OpenMultiRAG

View on GitHub

OpenMultiRAG is an industry-grade, realtime Retrieval-Augmented Generation (RAG) system built to handle multiple documents, complex conversational workflows, multimodal parsing (text + images), strict citation tracking, and intelligent caching.

The platform is designed using a robust microservices architecture encapsulated in Docker, ensuring seamless and resilient user experiences.

System Architecture

High-Level Architecture Diagram

The project consists of several interconnected components running asynchronously:

Key Features

Robust Memory & Session State: Leverages LangGraph's AsyncPostgresSaver integrated tightly with PostgreSQL for persistent thread-level memory, allowing seamless context restoration.
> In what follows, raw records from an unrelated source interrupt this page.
lemma partition_eq_by_exponents:
  assumes "block_partition (mu p) P" "block_partition (mu p) Q"
    and same: "\<And>e f. same_block P (\<gamma> e) (\<gamma> f) \<longleftrightarrow> same_block Q (\<gamma> e) (\<gamma> f)"
  shows "P = Q"
proof (rule block_partition.partition_eqI[OF assms(1,2)])
  fix z w assume z: "z \<in> carrier (mu p)"
  show "same_block P z w \<longleftrightarrow> same_block Q z w"
  proof (cases "z = 1 \<or> w = 1")
    case True
    have "same_block R z w \<longleftrightarrow> z = w" if "block_partition (mu p) R" for R
      using True block_partition.same_block_unit[OF that] same_block_sym[of R] by force
    then show ?thesis using assms(1,2) by blast
  next
    case False
    have in_roots: "w \<in> roots" if "same_block R z w" "block_partition (mu p) R" for R
      using that block_partition.block_subset unfolding same_block_def by fastforce
    show ?thesis
    proof (cases "w \<in> roots")
      case True
      obtain e f where "z = \<gamma> e" "w = \<gamma> f" using False z True \<gamma>_surj by (metis mu_simps(1) mem_Collect_eq)
      then show ?thesis using same by simp
    next
      case False
      then show ?thesis using in_roots assms(1,2) by blast
    qed
  qed
qed

lemma Apart_eq: "Apart p x \<alpha> u i = {\<gamma> (i + u * j) | j. j \<le> (p - 1) div u - 1}"
proof -
  have "x [^]\<^bsub>mu p\<^esub> (\<alpha> ^ i * (\<alpha> ^ u) ^ j) = \<gamma> (i + u * j)" for j
  proof -
    have "\<alpha> ^ i * (\<alpha> ^ u) ^ j = \<alpha> ^ (i + u * j)" by (simp add: power_add power_mult)
    then have "x [^]\<^bsub>mu p\<^esub> (\<alpha> ^ i * (\<alpha> ^ u) ^ j) = x ^ (a ^ (i + u * j) mod p)"
      using int_power_x alpha_power_mod by simp
    also have "\<dots> = \<gamma> (i + u * j)" unfolding \<gamma>_def x_power_eq_iff by simp
    finally show ?thesis .
  qed
  then show ?thesis unfolding Apart_def Let_def by simp
qed

lemma mem_Apart:
  assumes u: "u dvd p - 1" and i: "i < u"
  shows "\<gamma> f \<in> Apart p x \<alpha> u i \<longleftrightarrow> f mod u = i"
proof
  assume "\<gamma> f \<in> Apart p x \<alpha> u i"
  then obtain j where "\<gamma> f = \<gamma> (i + u * j)" unfolding Apart_eq by blast
  then have "f mod (p - 1) mod u = (i + u * j) mod (p - 1) mod u" unfolding \<gamma>_eq_iff by simp
  then show "f mod u = i" using u i by (simp add: mod_mod_cancel)
next
  assume fi: "f mod u = i"
  obtain v where v: "p - 1 = u * v" using u by blast
  define t where "t = f mod (p - 1)"
  have "t mod u = i" unfolding t_def using u fi by (simp add: mod_mod_cancel)
  then have t: "t = i + u * (t div u)" by (metis add.commute div_mult_mod_eq mult.commute)
  have "t < p - 1" unfolding t_def using p_gt_1 by simp
  then have "t div u < v" using v less_mult_imp_div_less[of t v u] by (simp add: mult.commute)
  then have "t div u \<le> (p - 1) div u - 1" using v i by simp
  moreover have "\<gamma> f = \<gamma> (i + u * (t div u))" using t \<gamma>_mod[of f] unfolding t_def[symmetric] by simp
  ultimately show "\<gamma> f \<in> Apart p x \<alpha> u i" unfolding Apart_eq by (intro CollectI exI conjI)
qed

lemma Apart_subset: "Apart p x \<alpha> u i \<subseteq> range \<gamma>"
  unfolding Apart_eq by auto

lemma Apart_roots: "Apart p x \<alpha> u i \<subseteq> roots"
  using Apart_subset \<gamma>_in_roots by blast

lemma Ppart_members: "A \<in> Ppart p x \<alpha> u \<longleftrightarrow> A = {1} \<or> (\<exists>i<u. A = Apart p x \<alpha> u i)"
  unfolding Ppart_def by auto

lemma Apart_in_Ppart: "i < u \<Longrightarrow> Apart p x \<alpha> u i \<in> Ppart p x \<alpha> u"
  unfolding Ppart_def by blast

lemma \<gamma>_in_Apart: "u dvd p - 1 \<Longrightarrow> \<gamma> f \<in> Apart p x \<alpha> u (f mod u)"
  using mem_Apart[of u "f mod u" f] p_gt_1 by (cases "u = 0") auto

lemma Apart_disjoint:
  assumes u: "u dvd p - 1" and "i < u" "k < u" "i \<noteq> k"
  shows "Apart p x \<alpha> u i \<inter> Apart p x \<alpha> u k = {}"
proof (rule ccontr)
  assume "Apart p x \<alpha> u i \<inter> Apart p x \<alpha> u k \<noteq> {}"
  then obtain z where z: "z \<in> Apart p x \<alpha> u i" "z \<in> Apart p x \<alpha> u k" by blast
  then obtain f where "z = \<gamma> f" using Apart_subset by blast
  then show False using z assms mem_Apart[OF u] by simp
qed

lemma Ppart_cover:
  assumes u: "u dvd p - 1"
  shows "\<Union> (Ppart p x \<alpha> u) = roots"
proof
  show "\<Union> (Ppart p x \<alpha> u) \<subseteq> roots" using Apart_roots unfolding Ppart_def by auto
  show "roots \<subseteq> \<Union> (Ppart p x \<alpha> u)"
  proof
    fix z assume z: "z \<in> roots"
    show "z \<in> \<Union> (Ppart p x \<alpha> u)"
    proof (cases "z = 1")
      case False
      then obtain f where "z = \<gamma> f" using z \<gamma>_surj by auto
      moreover have "Apart p x \<alpha> u (f mod u) \<in> Ppart p x \<alpha> u"
        using Apart_in_Ppart u p_gt_1 by (cases "u = 0") auto
      ultimately show ?thesis using \<gamma>_in_Apart[OF u, of f] by blast
    qed (simp add: Ppart_def)
  qed
qed

lemma Ppart_partition:
  assumes u: "u dvd p - 1"
  shows "block_partition (mu p) (Ppart p x \<alpha> u)"
proof
  have one_notin: "1 \<notin> Apart p x \<alpha> u i" for i using Apart_subset[of u i] \<gamma>_ne_1 by auto
  show "finite (carrier (mu p))" using finite_roots by simp
  show "is_partition_with_unit (mu p) (Ppart p x \<alpha> u)"
    unfolding is_partition_with_unit_def
  proof (intro conjI ballI impI)
    fix A assume A: "A \<in> Ppart p x \<alpha> u"
    show "A \<noteq> {}" "A \<subseteq> carrier (mu p)"
    proof (atomize (full), cases "A = {1}")
      case False
      then obtain i where "i < u" "A = Apart p x \<alpha> u i" using A Ppart_members by blast
      then show "A \<noteq> {} \<and> A \<subseteq> carrier (mu p)" using \<gamma>_in_Apart[OF u, of i] Apart_roots by auto
    qed simp
  next
    fix A B assume A: "A \<in> Ppart p x \<alpha> u" and B: "B \<in> Ppart p x \<alpha> u" and "A \<noteq> B"
    then consider "A = {1}" "B \<noteq> {1}" | "A \<noteq> {1}" "B = {1}" | "A \<noteq> {1}" "B \<noteq> {1}" by blast
    then show "A \<inter> B = {}"
    proof cases
      case 3
      then obtain i k where "A = Apart p x \<alpha> u i" "i < u" "B = Apart p x \<alpha> u k" "k < u"
        using A B Ppart_members by meson
      then show ?thesis using Apart_disjoint[OF u] \<open>A \<noteq> B\<close> by blast
    qed (use A B Ppart_members one_notin in blast)+
  next
    show "\<Union> (Ppart p x \<alpha> u) = carrier (mu p)" using Ppart_cover[OF u] by simp
  qed (simp add: Ppart_def)
qed

lemma same_block_Ppart:
  assumes u: "u dvd p - 1"
  shows "same_block (Ppart p x \<alpha> u) (\<gamma> e) (\<gamma> f) \<longleftrightarrow> e mod u = f mod u"
proof
  assume "same_block (Ppart p x \<alpha> u) (\<gamma> e) (\<gamma> f)"
  then obtain B where B: "B \<in> Ppart p x \<alpha> u" "\<gamma> e \<in> B" "\<gamma> f \<in> B" unfolding same_block_def by blast
  then obtain i where "i < u" "B = Apart p x \<alpha> u i" using \<gamma>_ne_1 Ppart_members by blast
  then show "e mod u = f mod u" using mem_Apart[OF u] B by simp
next
  assume "e mod u = f mod u"
  then have "\<gamma> e \<in> Apart p x \<alpha> u (e mod u)" "\<gamma> f \<in> Apart p x \<alpha> u (e mod u)"
    using \<gamma>_in_Apart[OF u] by metis+
  moreover have "Apart p x \<alpha> u (e mod u) \<in> Ppart p x \<alpha> u"
    using Apart_in_Ppart u p_gt_1 by (cases "u = 0") auto
  ultimately show "same_block (Ppart p x \<alpha> u) (\<gamma> e) (\<gamma> f)" unfolding same_block_def by blast
qed

lemma \<gamma>_same_class:
  assumes "u dvd p - 1" "e mod u = f mod u"
  shows "\<exists>k. \<gamma> f = \<gamma> (e + u * k)"
proof -
  obtain k where "(e + u * k) mod (p - 1) = f mod (p - 1)"
    using reach_by_multiples[OF assms(1) _ assms(2)] p_gt_1 by auto
  then show ?thesis using \<gamma>_eq_iff by metis
qed

text \<open>The automorphism \<open>z \<mapsto> z\<^bsup>\<alpha>\<^sup>u\<^esup>\<close> moves \<open>\<gamma> e\<close> to \<open>\<gamma> (e + u)\<close>; so the functions constant
  on the blocks of \<open>\<P>\<^sub>u\<close> are exactly the functions invariant under it.\<close>
lemma Ppart_block_constant_iff:
  assumes u: "u dvd p - 1"
  shows "(\<forall>B\<in>Ppart p x \<alpha> u. \<forall>z\<in>B. \<forall>w\<in>B. f z = f w) \<longleftrightarrow> (\<forall>z\<in>roots. f (z ^ (a ^ u)) = f z)"
proof
  assume const: "\<forall>B\<in>Ppart p x \<alpha> u. \<forall>z\<in>B. \<forall>w\<in>B. f z = f w"
  show "\<forall>z\<in>roots. f (z ^ (a ^ u)) = f z"
  proof
    fix z assume z: "z \<in> roots"
    show "f (z ^ (a ^ u)) = f z"
    proof (cases "z = 1")
      case False
      then obtain e where e: "z = \<gamma> e" using z \<gamma>_surj by blast
      have "same_block (Ppart p x \<alpha> u) (\<gamma> (e + u)) (\<gamma> e)" using same_block_Ppart[OF u] by simp
      then have "f (\<gamma> (e + u)) = f (\<gamma> e)" using const unfolding same_block_def by blast
      then show ?thesis using e \<gamma>_power[of e u] by simp
    qed simp
  qed
next
  assume inv: "\<forall>z\<in>roots. f (z ^ (a ^ u)) = f z"
  have iter: "f (\<gamma> (e + u * k)) = f (\<gamma> e)" for e k
  proof (induction k)
    case (Suc k)
    have "\<gamma> (e + u * Suc k) = \<gamma> (e + u * k) ^ (a ^ u)" by (simp add: \<gamma>_power algebra_simps)
    then show ?case using Suc inv \<gamma>_in_roots by simp
  qed simp
  show "\<forall>B\<in>Ppart p x \<alpha> u. \<forall>z\<in>B. \<forall>w\<in>B. f z = f w"
  proof (intro ballI)
    fix B z w assume B: "B \<in> Ppart p x \<alpha> u" and zw: "z \<in> B" "w \<in> B"
    show "f z = f w"
    proof (cases "B = {1}")
      case False
      then obtain i where "B = Apart p x \<alpha> u i" using B Ppart_members by blast
      then obtain e e' where ee': "z = \<gamma> e" "w = \<gamma> e'" using zw Apart_subset by blast
      then have "e mod u = e' mod u"
        using same_block_Ppart[OF u] B zw unfolding same_block_def by blast
      then obtain k where "w = \<gamma> (e + u * k)" using \<gamma>_same_class[OF u] ee' by blast
      then show ?thesis using iter ee' by simp
    qed (use zw in simp)
  qed
qed

lemma Ppart_zspan_iff:
  assumes u: "u dvd p - 1"
  shows "f \<in> zspan (Ppart p x \<alpha> u) \<longleftrightarrow>
    (\<forall>z. z \<notin> roots \<longrightarrow> f z = 0) \<and> (\<forall>z\<in>roots. f (z ^ (a ^ u)) = f z)"
  unfolding block_partition.zspan_iff[OF Ppart_partition[OF u]] Ppart_block_constant_iff[OF u] by simp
Smart Semantic Caching: Uses Redis as a highly efficient semantic cache layer. Identical document scope queries hit the cache, natively bypassing LLM generation to reduce latency and costs.

Asynchronous Multimodal Pipeline: Connects a ThreadPoolExecutor for concurrent layout parsing. Vision LLMs (Llama-3.2-Vision/Scout) caption embedded images, which are embedded as contextual text while raw images are stored safely in CloudFlare R2.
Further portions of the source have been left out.